Anyway, here is what I can see from the FAQ: Your friends denies Sola Scriptura. More specifically, your friend denies the perspicuity and authority of Scripture. There are no Scriptures to support his/her viewpoints, only a lot of comparison with phrases used by us fallible humans which mean different things to different people who come from different socio-politico backgrounds. This does not mean he/she is necessarily wrong, but to question the perspicuity of Scripture based on secular sciences is to practically deny the authority of Scripture over his/her thought life (circa Rom. 12:2; 2 Cor. 10:5; Col. 2:8). Instead of letting Scripture tell us what it is like and how it is to be used, your friend is trying to approach Scripture according to his fallible interpretation of empirical evidences.
Of course, I must concede that there is a good point raise by your friend regarding how we can know what the Scripture is saying since it is hard to know what the authors intended in the passages in question. Your friend has a point there since quite a few scholars like N.T. Wright with his New Perspective on Paul tries to find out what Scripture really meant according to the what they think are the intentions of the authors (in their case the apostle Paul) who penned them. It is unfortunate that your friend has decided to reject the authority and perspicuity of Scripture because of such reasoning, putting the cart before the horse, instead of following what Scripture says about the topic.

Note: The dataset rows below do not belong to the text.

lemma is_ideal_plus:
  assumes I: "is_ideal I" and J: "is_ideal J"
  shows "is_ideal (I + J)"
proof (rule is_idealI)
  show "0 \<in> I + J"
    using set_plus_intro[OF is_idealD(1)[OF I] is_idealD(1)[OF J]] by simp
next
  fix x y assume "x \<in> I + J" "y \<in> I + J"
  then obtain x1 x2 y1 y2 where "x = x1 + x2" "y = y1 + y2" "x1 \<in> I" "x2 \<in> J" "y1 \<in> I" "y2 \<in> J"
    by (metis set_plus_elim)
  moreover have "x1 + x2 + (y1 + y2) = (x1 + y1) + (x2 + y2)"
    by (simp add: algebra_simps)
  ultimately show "x + y \<in> I + J"
    by (metis I J is_idealD(2) set_plus_intro)
next
  fix r x assume "x \<in> I + J"
  then obtain x1 x2 where "x = x1 + x2" "x1 \<in> I" "x2 \<in> J"
    by (metis set_plus_elim)
  then show "r * x \<in> I + J"
    by (metis I J distrib_left is_idealD(3) set_plus_intro)
qed

lemma ideal_plus_subset:
  assumes "is_ideal K" "A \<subseteq> K" "B \<subseteq> K"
  shows "A + B \<subseteq> K"
proof
  fix x assume "x \<in> A + B"
  then obtain a b where "x = a + b" "a \<in> A" "b \<in> B"
    by (rule set_plus_elim)
  then show "x \<in> K"
    using assms is_idealD(2) by blast
qed

lemma subset_ideal_plus: "is_ideal J \<Longrightarrow> I \<subseteq> I + J"
  using set_plus_intro[of _ I 0 J] is_idealD(1) by fastforce

lemma is_ideal_image_mult:
  assumes I: "is_ideal I"
  shows "is_ideal ((*) c ` I)"
proof (rule is_idealI)
  show "0 \<in> (*) c ` I"
    using is_idealD(1)[OF I] by (auto intro: image_eqI[of _ _ 0])
next
  fix x y assume "x \<in> (*) c ` I" "y \<in> (*) c ` I"
  then show "x + y \<in> (*) c ` I"
    using is_idealD(2)[OF I] by (auto simp flip: distrib_left)
next
  fix r x assume "x \<in> (*) c ` I"
  then show "r * x \<in> (*) c ` I"
    using is_idealD(3)[OF I] by (auto simp: mult.left_commute)
qed

lemma is_ideal_preimage_mult: "is_ideal K \<Longrightarrow> is_ideal {y. c * y \<in> K}"
  by (rule is_idealI) (auto simp: distrib_left mult.left_commute is_idealD)

lemma is_ideal_ideal_gen: "is_ideal (ideal_gen S)"
  unfolding is_ideal_def ideal_gen_def by auto

lemma ideal_gen_subset: "S \<subseteq> ideal_gen S"
  unfolding ideal_gen_def by auto

lemma ideal_gen_least: "is_ideal I \<Longrightarrow> S \<subseteq> I \<Longrightarrow> ideal_gen S \<subseteq> I"
  unfolding ideal_gen_def by auto

lemma ideal_gen_mono: "A \<subseteq> B \<Longrightarrow> ideal_gen A \<subseteq> ideal_gen B"
  by (meson is_ideal_ideal_gen ideal_gen_least ideal_gen_subset order_trans)

lemma ideal_gen_empty: "ideal_gen {} = {0::'a::comm_ring_1}"
proof -
  have "is_ideal {0::'a}" unfolding is_ideal_def by auto
  then show ?thesis
    using ideal_gen_least[of "{0::'a}" "{}"] is_idealD(1)[OF is_ideal_ideal_gen] by blast
qed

Which brings us to the topic of how to interpret Scripture. The traditional way to interpret Scripture is to say that Scriptue interprets Scripture, and only Scripture interprets Scripture. Now, what does that mean is that to interpret Scripture, the intention of its primary author must first be known, then the intention of the human author who penned that part of Scripture. Such an intention could be known by reading and meditating and feeding continually on the full counsel of the Word of God, from Genesis to Revelation. Once we know God's intention, we can look at the author's intention in light of God's intention in giving any particular part of Scripture, and thus we can know for sure what Scripture says. Thus, I think the main problem with your friend's argument is that he neglects the divine authorship of Scripture, by a God who is always relevant; being the same yesterday, today and forever.
it seems that interpretation of the Scriptures is starting to be a hot topic. However, I have too many things to do at the moment so I will just leave it as what I have said in my comment above.
With regards to its relation to the priesthood of believers, I think that would be an interesting topic to address in the future. Suffice it is to say for the moment that I believe that the Church as a repository of the faith does not mean that without any formal Church authority of any kind (as in without any pastors, elders, bishops and especially popes), nobody would be able to know the correct interpretation of Scripture. I would just leave it as that.
typo error. Should be 'the God' instead of 'a God'.